Data provided Block Start
text \<open>The column relation of the second component of \<open>e\<^sub>k \<cdots> e\<^sub>n\<^sub>-\<^sub>1\<close>.\<close>

definition tail_rel :: "nat \<Rightarrow> nat \<Rightarrow> (nat \<times> nat) set" where
  "tail_rel n k = {(i, j). i \<in> {1..n} \<and> j \<in> {1..n} \<and> (i = j \<or> k \<le> i \<and> k \<le> j)}"

lemma equiv_tail_rel: "equiv {1..n} (tail_rel n k)"
  unfolding tail_rel_def equiv_def refl_on_def sym_def trans_def by auto

lemma tail_rel_last: "tail_rel n n = Id_on {1..n}"
  unfolding tail_rel_def by auto

lemma tail_rel_first: "tail_rel n 1 = {1..n} \<times> {1..n}"
  unfolding tail_rel_def by auto

lemma tail_rel_merge:
  assumes "1 \<le> k" "k < n"
  shows "(merge_rel n k \<union> tail_rel n (k + 1))\<^sup>+ = tail_rel n k"
proof
  have "merge_rel n k \<union> tail_rel n (k + 1) \<subseteq> tail_rel n k"
    using assms unfolding merge_rel_def tail_rel_def by auto
  then show "(merge_rel n k \<union> tail_rel n (k + 1))\<^sup>+ \<subseteq> tail_rel n k"
    using trancl_id[OF equivE[OF equiv_tail_rel]] trancl_mono_subset by metis
  show "tail_rel n k \<subseteq> (merge_rel n k \<union> tail_rel n (k + 1))\<^sup>+"
  proof (rule subrelI)
    fix i j assume "(i, j) \<in> tail_rel n k"
    then consider "(i, j) \<in> Id_on {1..n} \<union> tail_rel n (k + 1)"
      | "i = k" "j \<in> {k + 1..n}" | "j = k" "i \<in> {k + 1..n}"
      unfolding tail_rel_def by force
    then show "(i, j) \<in> (merge_rel n k \<union> tail_rel n (k + 1))\<^sup>+"
    proof cases
      case 2
      then have "(k, k + 1) \<in> merge_rel n k" "(k + 1, j) \<in> tail_rel n (k + 1)"
        using assms unfolding merge_rel_def tail_rel_def by auto
      then show ?thesis
        using 2 by (meson UnCI r_into_trancl trancl_into_trancl)
    next
      case 3
      then have "(i, k + 1) \<in> tail_rel n (k + 1)" "(k + 1, k) \<in> merge_rel n k"
        using assms unfolding merge_rel_def tail_rel_def by auto
      then show ?thesis
        using 3 by (meson UnCI r_into_trancl trancl_into_trancl)
    qed (auto simp: merge_rel_def)
  qed
qed

lemma foldr_egen:
  assumes "1 \<le> k" "k \<le> n"
  shows "foldr (\<lambda>i acc. rmult n (egen n i) acc) [k..<n] (rone n)
    = (id_part n, {1..2*n} // lift_rel n (tail_rel n k))"
  using assms
proof (induction "n - k" arbitrary: k)
  case 0
  then have "k = n" by simp
  then show ?case
    using quotient_blockrel[OF id_part_partition]
    by (simp add: rone_def tail_rel_last blockrel_id_part)
next
  case (Suc m)
  let ?Q = "{1..2*n} // lift_rel n (tail_rel n (k + 1))"
  have k: "1 \<le> k" "k < n"
    using Suc by auto
  have equiv_Q: "equiv {1..2*n} (lift_rel n (tail_rel n (k + 1)))"
    by (rule equiv_lift_rel[OF equiv_tail_rel])
  have "pmult n (bpart n k) ?Q
      = {1..2*n} // compose_rel n (blockrel (bpart n k)) (blockrel ?Q)"
    using Union_bpart[OF k] Union_partition[OF partition_on_quotient[OF equiv_Q]]
    by (rule pmult_eq_quotient)
  also have "\<dots> = {1..2*n} // lift_rel n (tail_rel n k)"
    unfolding blockrel_bpart[OF k] blockrel_quotient[OF equiv_Q]
      compose_rel_lift_rel[OF equiv_merge_rel[OF k] equiv_tail_rel] tail_rel_merge[OF k] ..
  finally have step: "pmult n (bpart n k) ?Q = {1..2*n} // lift_rel n (tail_rel n k)" .
  have "foldr (\<lambda>i acc. rmult n (egen n i) acc) [k..<n] (rone n)
      = rmult n (egen n k) (foldr (\<lambda>i acc. rmult n (egen n i) acc) [k + 1..<n] (rone n))"
    using k by (simp add: upt_conv_Cons)
  also have "\<dots> = rmult n (egen n k) (id_part n, ?Q)"
    using Suc k by simp
  also have "\<dots> = (id_part n, {1..2*n} // lift_rel n (tail_rel n k))"
    using step by (simp add: rmult_def egen_def pmult_id_left[OF id_part_partition])
  finally show ?case .
qed

lemma eprod_eq:
  assumes "1 \<le> n"
  shows "eprod n = (id_part n, {{1..2*n}})"
proof -
  have E: "equiv {1..2*n} ({1..2*n} \<times> {1..2*n})"
    using equiv_lift_rel[OF equiv_tail_rel, of n 1] unfolding tail_rel_first lift_rel_full .
  have "{1..2*n} // lift_rel n (tail_rel n 1) = {{1..2*n}}"
    unfolding tail_rel_first lift_rel_full
    using partition_on_quotient[OF E] blockrel_quotient[OF E] assms
    by (intro partition_eq_full) auto
  then show ?thesis
    using foldr_egen[of 1 n] assms unfolding eprod_def by simp
qed

definition propagating :: "nat \<Rightarrow> (nat \<times> nat) set \<Rightarrow> bool" where
  "propagating n E \<longleftrightarrow> (\<forall>x\<in>{1..2*n}. \<exists>i\<in>{1..n}. \<exists>j\<in>{1..n}. x \<in> {i, n + j} \<and> (i, n + j) \<in> E)"

lemma compose_rel_full_left:
  assumes n: "1 \<le> n" and E: "equiv {1..2*n} E" and through: "propagating n E"
  shows "compose_rel n ({1..2*n} \<times> {1..2*n}) E = {1..2*n} \<times> {1..2*n}"
proof
  let ?R = "diagram_edges n ({1..2*n} \<times> {1..2*n}) E"
  show "compose_rel n ({1..2*n} \<times> {1..2*n}) E \<subseteq> {1..2*n} \<times> {1..2*n}"
    unfolding compose_rel_def by auto
  have hub: "(x, 1) \<in> ?R\<^sup>*" if x: "x \<in> {1..2*n}" for x
  proof (cases "x \<le> n")
    case True
    have "(xbot n x, xbot n 1) \<in> ?R"
      using x n by (intro diagram_edges_botI) auto
    then show ?thesis
      using True n by auto
  next
    case False
    obtain i j where ij: "i \<in> {1..n}" "j \<in> {1..n}" "x \<in> {i, n + j}" "(i, n + j) \<in> E"
      using through x unfolding propagating_def by blast
    then have "x = n + j"
      using False by auto
    have "(n + j, i) \<in> E"
      using ij(4) E by (auto elim: equivE dest: symD)
    then have "(xtop n (n + j), xtop n i) \<in> ?R" "(xbot n (n + i), xbot n 1) \<in> ?R"
      using ij(1) n by (auto intro: diagram_edges_topI diagram_edges_botI simp del: xtop_top xtop_bot xbot_top xbot_bot)
    then have "(x, 2 * n + i) \<in> ?R" "(2 * n + i, 1) \<in> ?R"
      using \<open>x = n + j\<close> ij(1,2) n by auto
    then show ?thesis
      by (meson converse_rtrancl_into_rtrancl r_into_rtrancl)
  qed
  show "{1..2*n} \<times> {1..2*n} \<subseteq> compose_rel n ({1..2*n} \<times> {1..2*n}) E"
  proof (rule subrelI)
    fix x y assume "(x, y) \<in> {1..2*n} \<times> {1..2*n}"
    then show "(x, y) \<in> compose_rel n ({1..2*n} \<times> {1..2*n}) E"
      using hub by (intro compose_rel_via_paths[OF equiv_full E, of x y 1 1]) auto
  qed
qed

lemma compose_rel_full_right:
  assumes n: "1 \<le> n" and E: "equiv {1..2*n} E" and through: "propagating n E"
  shows "compose_rel n E ({1..2*n} \<times> {1..2*n}) = {1..2*n} \<times> {1..2*n}"
proof
  let ?R = "diagram_edges n E ({1..2*n} \<times> {1..2*n})"
  show "compose_rel n E ({1..2*n} \<times> {1..2*n}) \<subseteq> {1..2*n} \<times> {1..2*n}"
    unfolding compose_rel_def by auto
  have hub: "(x, 2 * n) \<in> ?R\<^sup>*" if x: "x \<in> {1..2*n}" for x
  proof (cases "x \<le> n")
    case False
    have "(xtop n x, xtop n (2 * n)) \<in> ?R"
      using x n by (intro diagram_edges_topI) auto
    then show ?thesis
      using False n by auto
  next
    case True
    obtain i j where ij: "i \<in> {1..n}" "j \<in> {1..n}" "x \<in> {i, n + j}" "(i, n + j) \<in> E"
      using through x unfolding propagating_def by blast
    then have "x = i"
      using True by auto
    have "(xbot n i, xbot n (n + j)) \<in> ?R" "(xtop n j, xtop n (2 * n)) \<in> ?R"
      using ij n by (auto intro: diagram_edges_topI diagram_edges_botI simp del: xtop_top xtop_bot xbot_top xbot_bot)
    then have "(x, 2 * n + j) \<in> ?R" "(2 * n + j, 2 * n) \<in> ?R"
      using \<open>x = i\<close> ij(1,2) n by auto
    then show ?thesis
      by (meson converse_rtrancl_into_rtrancl r_into_rtrancl)
  qed
  show "{1..2*n} \<times> {1..2*n} \<subseteq> compose_rel n E ({1..2*n} \<times> {1..2*n})"
  proof (rule subrelI)
    fix x y assume "(x, y) \<in> {1..2*n} \<times> {1..2*n}"
    then show "(x, y) \<in> compose_rel n E ({1..2*n} \<times> {1..2*n})"
      using hub by (intro compose_rel_via_paths[OF E equiv_full, of x y "2 * n" "2 * n"]) auto
  qed
qed

lemma propagating_mono: "propagating n E \<Longrightarrow> E \<subseteq> F \<Longrightarrow> propagating n F"
  unfolding propagating_def by blast

lemma symgrp_blocks: "I \<in> symgrp n \<Longrightarrow> B \<in> I \<Longrightarrow> \<exists>i\<in>{1..n}. \<exists>j\<in>{1..n}. B = {i, n + j}"
  unfolding symgrp_def by auto

lemma partition_symgrp: "I \<in> symgrp n \<Longrightarrow> partition_on {1..2*n} I"
  unfolding symgrp_def by auto

lemma symgrp_propagating:
  assumes "I \<in> symgrp n"
  shows "propagating n (blockrel I)"
  unfolding propagating_def
proof
  fix x assume "x \<in> {1..2*n}"
  then obtain B where "B \<in> I" "x \<in> B"
    using partition_onD1[OF partition_symgrp[OF assms]] by blast
  moreover from this obtain i j where "i \<in> {1..n}" "j \<in> {1..n}" "B = {i, n + j}"
    using symgrp_blocks[OF assms] by blast
  moreover from calculation have "(i, n + j) \<in> blockrel I"
    by (auto intro: blockrelI)
  ultimately show "\<exists>i\<in>{1..n}. \<exists>j\<in>{1..n}. x \<in> {i, n + j} \<and> (i, n + j) \<in> blockrel I"
    by blast
qed
lemma not_broadcast_solvableI:
  fixes P :: "(nat \<Rightarrow> nat) \<Rightarrow> bool" and R :: "(nat \<Rightarrow> nat) \<Rightarrow> nat set set"
  assumes "1 \<le> k" and "inj_on p0 {0..k}" and "p0 ` {0..k} \<subseteq> V" and "P p0"
    and "\<And>p. R p \<subseteq> E" and "\<And>p. connected_graph V (E - R p)"
    and P_step: "\<And>p p'. P p \<Longrightarrow> legal_move E k (R p) p p' \<Longrightarrow> P p'"
    and P_apart: "\<And>p. P p \<Longrightarrow> \<forall>i\<in>{1..k}. p i \<noteq> p 0"
  shows "\<not> broadcast_solvable V E k"
proof
  assume "broadcast_solvable V E k"
  then obtain \<sigma> where \<sigma>: "\<forall>p0. inj_on p0 {0..k} \<and> p0 ` {0..k} \<subseteq> V \<longrightarrow>
        (\<forall>\<alpha>. (\<forall>h c. \<alpha> h c \<subseteq> E \<and> connected_graph V (E - \<alpha> h c)) \<longrightarrow>
           (\<forall>t. case run \<sigma> \<alpha> k p0 t of (h, c) \<Rightarrow>
                  legal_move E k (\<alpha> h c) (fst c) (\<sigma> h c (\<alpha> h c))) \<and>
           (\<exists>t. {0..k} \<subseteq> snd (snd (run \<sigma> \<alpha> k p0 t))))"
    unfolding broadcast_solvable_def by blast
  define \<alpha> where "\<alpha> h c = R (fst c)" for h :: hist and c :: config
  have adm: "\<forall>h c. \<alpha> h c \<subseteq> E \<and> connected_graph V (E - \<alpha> h c)"
    unfolding \<alpha>_def using assms(5,6) by blast
  note moves_and_termination =
    mp[OF spec[OF mp[OF spec[OF \<sigma>, of p0] conjI[OF assms(2,3)]], of \<alpha>] adm]
  note legal = moves_and_termination[THEN conjunct1, rule_format]
    and informed = moves_and_termination[THEN conjunct2]
  have run_inv: "P (fst (snd (run \<sigma> \<alpha> k p0 t))) \<and> snd (snd (run \<sigma> \<alpha> k p0 t)) = {0}" for t
  proof (induction t)
    case 0
    show ?case using \<open>P p0\<close> by simp
  next
    case (Suc t)
    obtain h c where hc: "run \<sigma> \<alpha> k p0 t = (h, c)" by (cases "run \<sigma> \<alpha> k p0 t") simp
    have "P (\<sigma> h c (\<alpha> h c))"
      using P_step[of "fst c"] legal[where t=t] Suc hc unfolding \<alpha>_def by simp
    thus ?case using Suc hc inform_source_only[OF P_apart] by (simp add: Let_def)
  qed
  obtain t where "{0..k} \<subseteq> snd (snd (run \<sigma> \<alpha> k p0 t))"
    using informed by blast
  hence "1 \<in> snd (snd (run \<sigma> \<alpha> k p0 t))" using \<open>1 \<le> k\<close> by auto
  thus False using run_inv[of t] by simp
qed
lemma comb_mult: "comb C m *v y = (\<Sum>k\<in>UNIV. m$k *\<^sub>R (C k *v y))"
  unfolding comb_def
  by (simp add: vec_eq_iff matrix_vector_mult_def sum_distrib_left algebra_simps)
     (rule allI, rule sum.swap)

lemma comb_inner: "m \<bullet> br C x y = x \<bullet> (comb C m *v y)"
  by (simp add: comb_mult inner_vec_def br_def inner_sum_right sum_distrib_left mult_ac)
     (rule sum.swap)

lemma linear_comb: "linear (comb C)"
  by (rule linearI) (simp_all add: comb_def sum.distrib scaleR_add_left scaleR_sum_right)

lemma comb_axis: "comb C (axis k 1) = C k"
proof -
  have "comb C (axis k 1) = (\<Sum>j\<in>UNIV. (if j = k then C j else 0))"
    unfolding comb_def by (rule sum.cong) (auto simp: axis_def)
  also have "\<dots> = C k" by (simp add: sum.delta)
  finally show ?thesis .
qed

lemma range_comb: "range (comb C) = span (range C)"
proof
  show "range (comb C) \<subseteq> span (range C)"
  proof
    fix M assume "M \<in> range (comb C)"
    then obtain m where "M = comb C m" by blast
    then show "M \<in> span (range C)"
      unfolding comb_def by (simp add: span_sum span_mul span_base)
  qed
  have "range C \<subseteq> range (comb C)" by (metis comb_axis image_subsetI rangeI)
  moreover have "subspace (range (comb C))"
    by (rule linear_subspace_image[OF linear_comb subspace_UNIV])
  ultimately show "span (range C) \<subseteq> range (comb C)" by (rule span_minimal)
qed

lemma skew_inner:
  assumes "transpose A = - (A::real^'q::finite^'q)"
  shows "u \<bullet> (A *v v) = - (v \<bullet> (A *v u))"
proof -
  have "u \<bullet> (A *v v) = (u v* A) \<bullet> v" by (simp only: dot_lmul_matrix)
  also have "u v* A = transpose A *v u" by (simp only: transpose_matrix_vector)
  also have "\<dots> = - (A *v u)" by (simp add: assms matrix_vector_mult_def vec_eq_iff sum_negf)
  finally show ?thesis by (metis inner_commute inner_minus_left)
qed

lemma br_antisym:
  assumes "\<And>k. transpose (C k) = - C k"
  shows "br C u v = - br C v u"
proof -
  have "u \<bullet> (C k *v v) = - (v \<bullet> (C k *v u))" for k by (rule skew_inner[OF assms])
  then show ?thesis by (simp add: br_def vec_eq_iff)
qed

lemma comb_skew:
  assumes "\<And>k. transpose (C k) = - C k"
  shows "x \<bullet> (comb C m *v y) = - (y \<bullet> (comb C m *v x))"
proof -
  have "x \<bullet> (comb C m *v y) = m \<bullet> (- br C y x)"
    by (simp only: comb_inner[symmetric] br_antisym[OF assms, where u=x and v=y])
  then show ?thesis by (simp add: comb_inner)
qed

lemma subspace_Times: "subspace A \<Longrightarrow> subspace B \<Longrightarrow> subspace (A \<times> B)"
  unfolding subspace_def by (auto simp: zero_prod_def)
Data provided Block End
**Work instruction:**
Your answer should be the lines of the listing above between the line holding "j) \<in> (merge_rel" and the line holding "using 2 by (meson", inclusive, restated word for word and alone.

**Answer for the task:**
    then show "(i, j) \<in> (merge_rel n k \<union> tail_rel n (k + 1))\<^sup>+"
    proof cases
      case 2
      then have "(k, k + 1) \<in> merge_rel n k" "(k + 1, j) \<in> tail_rel n (k + 1)"
        using assms unfolding merge_rel_def tail_rel_def by auto
      then show ?thesis
        using 2 by (meson UnCI r_into_trancl trancl_into_trancl)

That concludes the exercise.